═══ PROVIDED DATA ═══

(* Let $\mathcal H^+=\operatorname{span}_{\mathbb C}\{t^l_{nm}(Z)\}$ and $\mathcal H^-=\operatorname{span}_{\mathbb C}\{t^l_{nm}(Z)\,N(Z)^{-(2l+1)}\}$ (over all $l\in\{0,\frac12,1,\dots\}$, $m,n\in\{-l,\dots,l\}$). Then, with $\mathrm{Zh}^\pm,\mathrm{Zh}^0$ as defined below: (1) the linear span of all products $\phi_1\phi_2$ with $\phi_1,\phi_2\in\mathcal H^+$ equals $\mathrm{Zh}^+$; (2) the linear span of all products $\phi_1\phi_2$ with $\phi_1,\phi_2\in\mathcal H^-$ equals $\mathrm{Zh}^-$; (3) the linear span of all products $\phi_1\phi_2$ with $\phi_1\in\mathcal H^-$, $\phi_2\in\mathcal H^+$ equals $\mathrm{Zh}^0$.
   Context: $\mathbb H_{\mathbb C}$ is identified with complex $2\times2$ matrices $Z=(z_{ij})$, $N(Z)=\det Z$, and $t^l_{nm}(Z)=\frac1{2\pi i}\oint (sz_{11}+z_{21})^{l-m}(sz_{12}+z_{22})^{l+m}s^{-l+n}\,\frac{ds}{s}$ (loop once counterclockwise around $0$), for $l\in\{0,\frac12,1,\dots\}$, $m,n\in\mathbb Z+l$, $-l\le m,n\le l$. ($\mathcal H^+$ is the space of holomorphic harmonic polynomials on $\mathbb H_{\mathbb C}$, and $\mathcal H^-$ its counterpart regular at infinity.) In $\mathrm{Zh}=\mathbb C[z_{11},z_{12},z_{21},z_{22},N(Z)^{-1}]$: $\mathrm{Zh}^+=\operatorname{span}\{t^l_{nm}N^k: k\ge0\}$, $\mathrm{Zh}^-=\operatorname{span}\{t^l_{nm}N^k: k\le-(2l+2)\}$, $\mathrm{Zh}^0=\operatorname{span}\{t^l_{nm}N^k: -(2l+1)\le k\le-1\}$, $k\in\mathbb Z$. *)

theory Defs
  imports "HOL-Analysis.Analysis" "HOL-Computational_Algebra.Polynomial"
begin

text \<open>Complex 2x2 matrices Z, with z_ij = Z$i$j.  Functions on them with values in complex.\<close>

type_synonym cmat = "complex^2^2"

definition N :: "cmat \<Rightarrow> complex" where
  "N Z = det Z"

definition cspan :: "('a \<Rightarrow> complex) set \<Rightarrow> ('a \<Rightarrow> complex) set" where
  "cspan S = {f. \<exists>T c. finite T \<and> T \<subseteq> S \<and> f = (\<lambda>x. \<Sum>g\<in>T. c g * g x)}"

definition prodspan :: "('a \<Rightarrow> complex) set \<Rightarrow> ('a \<Rightarrow> complex) set \<Rightarrow> ('a \<Rightarrow> complex) set" where
  "prodspan A B = cspan {(\<lambda>x. f x * g x) | f g. f \<in> A \<and> g \<in> B}"

text \<open>Matrix coefficient t^l_{nm}(Z), indexed by L = 2l, p = l - m, r = l - n
  (so 0 <= p, r <= L).  The contour integral
  (1/2 pi i) \<oint> (s z11 + z21)^(l-m) (s z12 + z22)^(l+m) s^(-l+n) ds/s
  is exactly the coefficient of s^(l-n) in the polynomial
  (s z11 + z21)^(l-m) (s z12 + z22)^(l+m).\<close>
definition t :: "nat \<Rightarrow> nat \<Rightarrow> nat \<Rightarrow> cmat \<Rightarrow> complex" where
  "t L p r Z = coeff ([:Z$2$1, Z$1$1:] ^ p * [:Z$2$2, Z$1$2:] ^ (L - p)) r"

definition Hplus :: "(cmat \<Rightarrow> complex) set" where
  "Hplus = cspan {t L p r | L p r. p \<le> L \<and> r \<le> L}"

definition Hminus :: "(cmat \<Rightarrow> complex) set" where
  "Hminus = cspan {(\<lambda>Z. t L p r Z * N Z powi (- (int L + 1))) | L p r. p \<le> L \<and> r \<le> L}"

definition Zh_plus :: "(cmat \<Rightarrow> complex) set" where
  "Zh_plus = cspan {(\<lambda>Z. t L p r Z * N Z powi k) | L p r k. p \<le> L \<and> r \<le> L \<and> 0 \<le> k}"

definition Zh_minus :: "(cmat \<Rightarrow> complex) set" where
  "Zh_minus = cspan {(\<lambda>Z. t L p r Z * N Z powi k) | L p r k.
      p \<le> L \<and> r \<le> L \<and> k \<le> - (int L + 2)}"

definition Zh_zero :: "(cmat \<Rightarrow> complex) set" where
  "Zh_zero = cspan {(\<lambda>Z. t L p r Z * N Z powi k) | L p r k.
      p \<le> L \<and> r \<le> L \<and> - (int L + 1) \<le> k \<and> k \<le> -1}"

end

theory Submission
  imports Defs "HOL-Library.Function_Algebras"
begin

text \<open>
  The matrix coefficient t L p r is the r-th coefficient of polA^p * polB^(L-p), where polA and
  polB are linear polynomials whose Wronskian is N = det Z.  Two kinds of identities follow:
  a convolution formula for coefficients of products, and raising/lowering relations expressing
  a coordinate z_ij times t of degree M through t of degree M + 1 and N times t of degree M - 1.

  From these we prove a Clebsch-Gordan type decomposition: the product of coefficients of
  degrees L and L' is a combination of t M q s * N^j with M + 2 j = L + L' and j <= min L L'.
  Multiplying by the appropriate negative power of N gives all inclusions of product spans
  into Zh+, Zh-, Zh0.  For the reverse inclusions, t * N^j is a homogeneous polynomial, every
  homogeneous polynomial is a combination of products of two coefficients (monomials are
  products of extreme coefficients), and for Zh0 the convolution formula splits a coefficient
  directly.
\<close>

interpretation cfun: module "\<lambda>(c::complex) (f::'a \<Rightarrow> complex) x. c * f x"
  by unfold_locales (simp_all add: fun_eq_iff algebra_simps)

lemma sum_fun_apply: "(\<Sum>a\<in>A. f a) x = (\<Sum>a\<in>A. f a x)"
  by (induction A rule: infinite_finite_induct) simp_all

lemma cspan_eq_span: "cspan S = cfun.span S"
  unfolding cspan_def cfun.span_explicit by (auto simp: sum_fun_apply fun_eq_iff)

lemma cspan_base: "g \<in> S \<Longrightarrow> g \<in> cspan S"
  unfolding cspan_eq_span by (rule cfun.span_base)

lemma cspan_zero: "(\<lambda>_. 0) \<in> cspan S"
  using cfun.span_zero[of S] unfolding cspan_eq_span zero_fun_def .

lemma cspan_add: "f \<in> cspan S \<Longrightarrow> g \<in> cspan S \<Longrightarrow> (\<lambda>x. f x + g x) \<in> cspan S"
  unfolding cspan_eq_span using cfun.span_add by (fastforce simp: plus_fun_def)

lemma cspan_diff: "f \<in> cspan S \<Longrightarrow> g \<in> cspan S \<Longrightarrow> (\<lambda>x. f x - g x) \<in> cspan S"
  unfolding cspan_eq_span using cfun.span_diff by (fastforce simp: fun_diff_def)

lemma cspan_scale: "f \<in> cspan S \<Longrightarrow> (\<lambda>x. c * f x) \<in> cspan S"
  unfolding cspan_eq_span by (rule cfun.span_scale)

lemma cspan_cancel: "c \<noteq> 0 \<Longrightarrow> (\<lambda>x. c * f x) \<in> cspan S \<Longrightarrow> f \<in> cspan S"
  using cspan_scale[of "\<lambda>x. c * f x" S "inverse c"] by simp

lemma cspan_sum: "(\<And>i. i \<in> I \<Longrightarrow> f i \<in> cspan S) \<Longrightarrow> (\<lambda>x. \<Sum>i\<in>I. f i x) \<in> cspan S"
  unfolding cspan_eq_span using cfun.span_sum[of I f S] by (simp add: sum_fun_apply[abs_def])

lemma cspan_mono: "A \<subseteq> B \<Longrightarrow> cspan A \<subseteq> cspan B"
  unfolding cspan_eq_span by (rule cfun.span_mono)

lemma cspan_subset: "A \<subseteq> cspan B \<Longrightarrow> cspan A \<subseteq> cspan B"
  unfolding cspan_eq_span by (intro cfun.span_minimal cfun.subspace_span)

lemma cspan_eqI: "A \<subseteq> cspan B \<Longrightarrow> B \<subseteq> cspan A \<Longrightarrow> cspan A = cspan B"
  by (simp add: cspan_subset subset_antisym)

lemma cspan_mult_left:
  assumes "f \<in> cspan S" "\<And>g. g \<in> S \<Longrightarrow> (\<lambda>x. h x * g x) \<in> cspan T"
  shows "(\<lambda>x. h x * f x) \<in> cspan T"
  using assms(1)[unfolded cspan_eq_span]
proof (induction rule: cfun.span_induct_alt)
  case base
  show ?case using cspan_zero by simp
next
  case (step c g f)
  have "(\<lambda>x. c * (h x * g x) + h x * f x) \<in> cspan T"
    using assms(2)[OF step(1)] step(2) by (intro cspan_add cspan_scale)
  then show ?case by (simp add: algebra_simps)
qed

lemma cspan_mult:
  assumes "f \<in> cspan A" "g \<in> cspan B"
    and "\<And>a b. a \<in> A \<Longrightarrow> b \<in> B \<Longrightarrow> (\<lambda>x. a x * b x) \<in> cspan C"
  shows "(\<lambda>x. f x * g x) \<in> cspan C"
proof -
  have "(\<lambda>x. g x * a x) \<in> cspan C" if "a \<in> A" for a
    using cspan_mult_left[OF assms(2), of "\<lambda>x. a x"] assms(3)[OF that] by (simp add: mult.commute)
  from cspan_mult_left[OF assms(1) this] show ?thesis
    by (simp add: mult.commute)
qed

definition prods :: "('a \<Rightarrow> complex) set \<Rightarrow> ('a \<Rightarrow> complex) set \<Rightarrow> ('a \<Rightarrow> complex) set" where
  "prods A B = {(\<lambda>x. f x * g x) | f g. f \<in> A \<and> g \<in> B}"

lemma prodspan_prods: "prodspan A B = cspan (prods A B)"
  unfolding prodspan_def prods_def ..

lemma prodspan_cspan: "prodspan (cspan A) (cspan B) = cspan (prods A B)"
  unfolding prodspan_prods
proof (rule cspan_eqI)
  show "prods (cspan A) (cspan B) \<subseteq> cspan (prods A B)"
    unfolding prods_def by (force intro: cspan_mult cspan_base)
  show "prods A B \<subseteq> cspan (prods (cspan A) (cspan B))"
    unfolding prods_def by (force intro: cspan_base)
qed

definition polA :: "cmat \<Rightarrow> complex poly" where
  "polA Z = [:Z$2$1, Z$1$1:]"

definition polB :: "cmat \<Rightarrow> complex poly" where
  "polB Z = [:Z$2$2, Z$1$2:]"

═══

EXERCISE =
Return each line of the listing that holds the string "coefficients".

OUTPUT OF THE EXERCISE =
  a convolution formula for coefficients of products, and raising/lowering relations expressing
  From these we prove a Clebsch-Gordan type decomposition: the product of coefficients of
  homogeneous polynomial is a combination of products of two coefficients (monomials are
  products of extreme coefficients), and for Zh0 the convolution formula splits a coefficient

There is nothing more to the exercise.